[Date Prev][Date Next][Thread Prev][Thread Next][Date Index][Thread Index]
Re: [RFC PATCH 3/8] RFC: block: use transactions as a replacement of ->{
From: |
Emanuele Giuseppe Esposito |
Subject: |
Re: [RFC PATCH 3/8] RFC: block: use transactions as a replacement of ->{can_}set_aio_context() |
Date: |
Mon, 18 Jul 2022 10:45:47 +0200 |
User-agent: |
Mozilla/5.0 (X11; Linux x86_64; rv:91.0) Gecko/20100101 Thunderbird/91.2.0 |
Am 14/07/2022 um 18:45 schrieb Hanna Reitz:
> On 12.07.22 23:19, Emanuele Giuseppe Esposito wrote:
>> ---------
>> RFC because I am not sure about the AioContext locks.
>> - Do we need to take the new AioContext lock? what does it protect?
>> - Taking the old AioContext lock is required now, because of
>> bdrv_drained_begin calling AIO_WAIT_WHILE that unlocks the
>> aiocontext. If we replace it with AIO_WAIT_WHILE_UNLOCKED,
>> could we get rid of taking every time the old AioContext?

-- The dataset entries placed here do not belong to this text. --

text \<open>Induction on the variables: splitting off the powers of one variable \<open>v\<close> turns the sum
  into a univariate polynomial in \<open>x v\<close> whose coefficients do not involve \<open>x v\<close>.\<close>

lemma monomials_linearly_independent:
  fixes c :: "'a multiset \<Rightarrow> real"
  assumes "finite V" and "finite Ms" and "\<And>A. A \<in> Ms \<Longrightarrow> set_mset A \<subseteq> V"
    and "\<And>x. (\<Sum>A\<in>Ms. c A * prod_mset (image_mset x A)) = 0"
    and "A \<in> Ms"
  shows "c A = 0"
  using assms
proof (induction V arbitrary: Ms c A rule: finite_induct)
  case empty
  then have "Ms = {{#}}" by auto
  then show ?case using empty.prems(3)[of undefined] empty.prems(4) by simp
next
  case (insert v V)
  let ?strip = "filter_mset (\<lambda>u. u \<noteq> v)"
  let ?S = "{B\<in>Ms. count B v = count A v}"
  let ?c = "\<lambda>B. c (B + replicate_mset (count A v) v)"
  have inj: "inj_on ?strip ?S"
  proof (rule inj_onI)
    fix A1 A2 assume "A1 \<in> ?S" "A2 \<in> ?S" "?strip A1 = ?strip A2"
    then show "A1 = A2"
      using filter_mset_neq_plus_replicate[of v A1] filter_mset_neq_plus_replicate[of v A2] by simp
  qed
  have split: "?strip B + replicate_mset (count A v) v = B" if "B \<in> ?S" for B
    using that filter_mset_neq_plus_replicate[of v B] by simp
  have "?c (?strip A) = 0"
  proof (rule insert.IH[where Ms = "?strip ` ?S" and c = ?c])
    have "(\<Sum>B\<in>?strip ` ?S. ?c B * prod_mset (image_mset x B)) =
        (\<Sum>B\<in>?S. c B * prod_mset (image_mset x (?strip B)))" for x
      unfolding sum.reindex[OF inj] comp_def by (intro sum.cong refl) (simp add: split)
    then show "(\<Sum>B\<in>?strip ` ?S. ?c B * prod_mset (image_mset x B)) = 0" for x
      using sum_monomials_strip_eq_0[OF insert.prems(1,3)] by simp
    show "set_mset B \<subseteq> V" if "B \<in> ?strip ` ?S" for B
      using that insert.prems(2) by fastforce
  qed (use insert.prems(1,4) in auto)
  then show ?case by (simp add: filter_mset_neq_plus_replicate)
qed

section \<open>Polynomial maps as coefficient functions\<close>

text \<open>A slot \<open>(i, k, A)\<close> indexes the coefficient, in entry \<open>(i, k)\<close>, of the monomial
  \<open>\<Prod>(r, s)\<in>#A. X r s\<close>.\<close>
type_synonym slot = "nat \<times> nat \<times> (nat \<times> nat) multiset"

definition relabel :: "(nat \<Rightarrow> nat) \<Rightarrow> (nat \<times> nat) multiset \<Rightarrow> (nat \<times> nat) multiset" where
  "relabel h A = image_mset (map_prod h h) A"

definition monomials :: "nat \<Rightarrow> nat \<Rightarrow> (nat \<times> nat) multiset set" where
  "monomials n d = {A. set_mset A \<subseteq> {..<n} \<times> {..<n} \<and> size A \<le> d}"

definition slots :: "nat \<Rightarrow> nat \<Rightarrow> slot set" where
  "slots n d = {(i, k, A). i < n \<and> k < n \<and> A \<in> monomials n d}"

definition monomial :: "mat \<Rightarrow> (nat \<times> nat) multiset \<Rightarrow> real" where
  "monomial X A = prod_mset (image_mset (\<lambda>(r, s). X r s) A)"

definition coeff_map :: "nat \<Rightarrow> nat \<Rightarrow> (slot \<Rightarrow> real) \<Rightarrow> mat \<Rightarrow> mat" where
  "coeff_map n d f X i k =
     (if i < n \<and> k < n then (\<Sum>A\<in>monomials n d. f (i, k, A) * monomial X A) else 0)"

definition slot_act :: "(nat \<Rightarrow> nat) \<Rightarrow> slot \<Rightarrow> slot" where
  "slot_act g t = (g (fst t), g (fst (snd t)), relabel g (snd (snd t)))"

lemma finite_bounded_multisets:
  assumes "finite S"
  shows "finite {A. set_mset A \<subseteq> S \<and> size A \<le> d}"
proof -
  have "{A. set_mset A \<subseteq> S \<and> size A \<le> d} \<subseteq> mset ` {xs. set xs \<subseteq> S \<and> length xs \<le> d}"
  proof
    fix A assume "A \<in> {A. set_mset A \<subseteq> S \<and> size A \<le> d}"
    moreover obtain xs where "mset xs = A" using ex_mset by blast
    ultimately show "A \<in> mset ` {xs. set xs \<subseteq> S \<and> length xs \<le> d}" by auto
  qed
  then show ?thesis using finite_lists_length_le[OF assms] finite_subset by blast
qed

lemma finite_monomials: "finite (monomials n d)"
  unfolding monomials_def by (rule finite_bounded_multisets) simp

lemma finite_slots: "finite (slots n d)"
proof -
  have "slots n d \<subseteq> {..<n} \<times> {..<n} \<times> monomials n d" by (auto simp: slots_def)
  then show ?thesis using finite_monomials finite_subset by blast
qed

lemma monomial_curry: "monomial (curry x) A = prod_mset (image_mset x A)"
  by (simp add: monomial_def case_prod_curry)

lemma monomial_coeffs_unique:
  assumes "\<And>X. (\<Sum>A\<in>monomials n d. c A * monomial X A) = (\<Sum>A\<in>monomials n d. c' A * monomial X A)"
    and "A \<in> monomials n d"
  shows "c A = c' A"
proof -
  have "c A - c' A = 0"
  proof (rule monomials_linearly_independent[where V = "{..<n} \<times> {..<n}", OF _ finite_monomials])
    show "(\<Sum>A\<in>monomials n d. (c A - c' A) * prod_mset (image_mset x A)) = 0" for x
      using assms(1)[of "curry x"]
      by (simp add: monomial_curry left_diff_distrib sum_subtractf)
  qed (use assms(2) in \<open>auto simp: monomials_def\<close>)
  then show ?thesis by simp
qed

lemma coeff_map_eq_iff:
  "coeff_map n d f = coeff_map n d f' \<longleftrightarrow> (\<forall>t\<in>slots n d. f t = f' t)"
proof
  assume eq: "coeff_map n d f = coeff_map n d f'"
  show "\<forall>t\<in>slots n d. f t = f' t"
  proof
    fix t assume "t \<in> slots n d"
    then obtain i k A where t: "t = (i, k, A)" "i < n" "k < n" "A \<in> monomials n d"
      by (auto simp: slots_def)
    show "f t = f' t"
      using monomial_coeffs_unique[of "\<lambda>A. f (i, k, A)" n d "\<lambda>A. f' (i, k, A)"] t
        fun_cong[OF fun_cong[OF fun_cong[OF eq]], of _ i k]
      by (simp add: coeff_map_def)
  qed
qed (auto simp: coeff_map_def slots_def intro!: sum.cong ext)

lemma sum_coeff_map:
  assumes "finite S"
  shows "(\<Sum>C\<in>S. c C * coeff_map n d (h C) X i k) = coeff_map n d (\<lambda>t. \<Sum>C\<in>S. c C * h C t) X i k"
  unfolding coeff_map_def by (auto simp: sum_distrib_left sum_distrib_right mult.assoc intro: sum.swap)

lemma relabel_comp: "relabel g (relabel h A) = relabel (g \<circ> h) A"
  by (simp add: relabel_def multiset.map_comp map_prod.comp)

lemma relabel_id: "relabel (\<lambda>x. x) A = A"
  by (simp add: relabel_def map_prod.id[unfolded id_def])

lemma relabel_cong:
  "(\<And>x. x \<in> fst ` set_mset A \<union> snd ` set_mset A \<Longrightarrow> g x = h x) \<Longrightarrow> relabel g A = relabel h A"
  unfolding relabel_def by (rule image_mset_cong) (force simp: map_prod_def split: prod.splits)

lemma set_mset_relabel: "set_mset (relabel j A) = map_prod j j ` set_mset A"
  by (simp add: relabel_def)

lemma slot_act_comp: "slot_act g (slot_act h t) = slot_act (g \<circ> h) t"
  by (simp add: slot_act_def relabel_comp)

lemma slot_act_id: "slot_act (\<lambda>x. x) t = t"
  by (simp add: slot_act_def relabel_id)

lemma relabel_inv:
  assumes "g permutes S"
  shows "relabel (inv g) (relabel g A) = A" and "relabel g (relabel (inv g) A) = A"
proof -
  have "inv g \<circ> g = (\<lambda>x. x)" "g \<circ> inv g = (\<lambda>x. x)"
    using permutes_inverses[OF assms] by auto
  then show "relabel (inv g) (relabel g A) = A" "relabel g (relabel (inv g) A) = A"
    by (simp_all add: relabel_comp relabel_id)
qed

lemma slot_act_inv:
  assumes "g permutes S"
  shows "slot_act (inv g) (slot_act g t) = t" and "slot_act g (slot_act (inv g) t) = t"
  using relabel_inv[OF assms] permutes_inverses[OF assms] by (simp_all add: slot_act_def)

lemma permutes_less_iff: "g permutes {..<n} \<Longrightarrow> g x < n \<longleftrightarrow> x < n"
  by (metis lessThan_iff permutes_in_image)

lemma relabel_in_monomials:
  assumes "g permutes {..<n}" and "A \<in> monomials n d"
  shows "relabel g A \<in> monomials n d"
  using assms permutes_less_iff[OF assms(1)] by (force simp: monomials_def relabel_def)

>> drain would be enough to protect the graph modification.
>
> It’s been a while, but as far as I remember (which may be wrong), the
> reason for how the locks are supposed to be taken was mostly that we
> need some defined state so that we know how to invoke
> bdrv_drained_begin() and bdrv_drained_end() (i.e. call the first one
> as-is, and switch the locks around for the latter one).
Right, so bdrv_drained_begin must be always under old aiocontext lock,
bdrv_drained_end always under the new one.
If so, then I think I can make the whole thing even cleaner:
1. bdrv_drained_begin is taken in bdrv_change_aio_context, and not in a
transaction. This was the initial idea, but somehow it didn't work,
something was failing. However, I must have changed something now
because all tests are passing :)
Then old aiocontext lock is assumed to be taken by the caller.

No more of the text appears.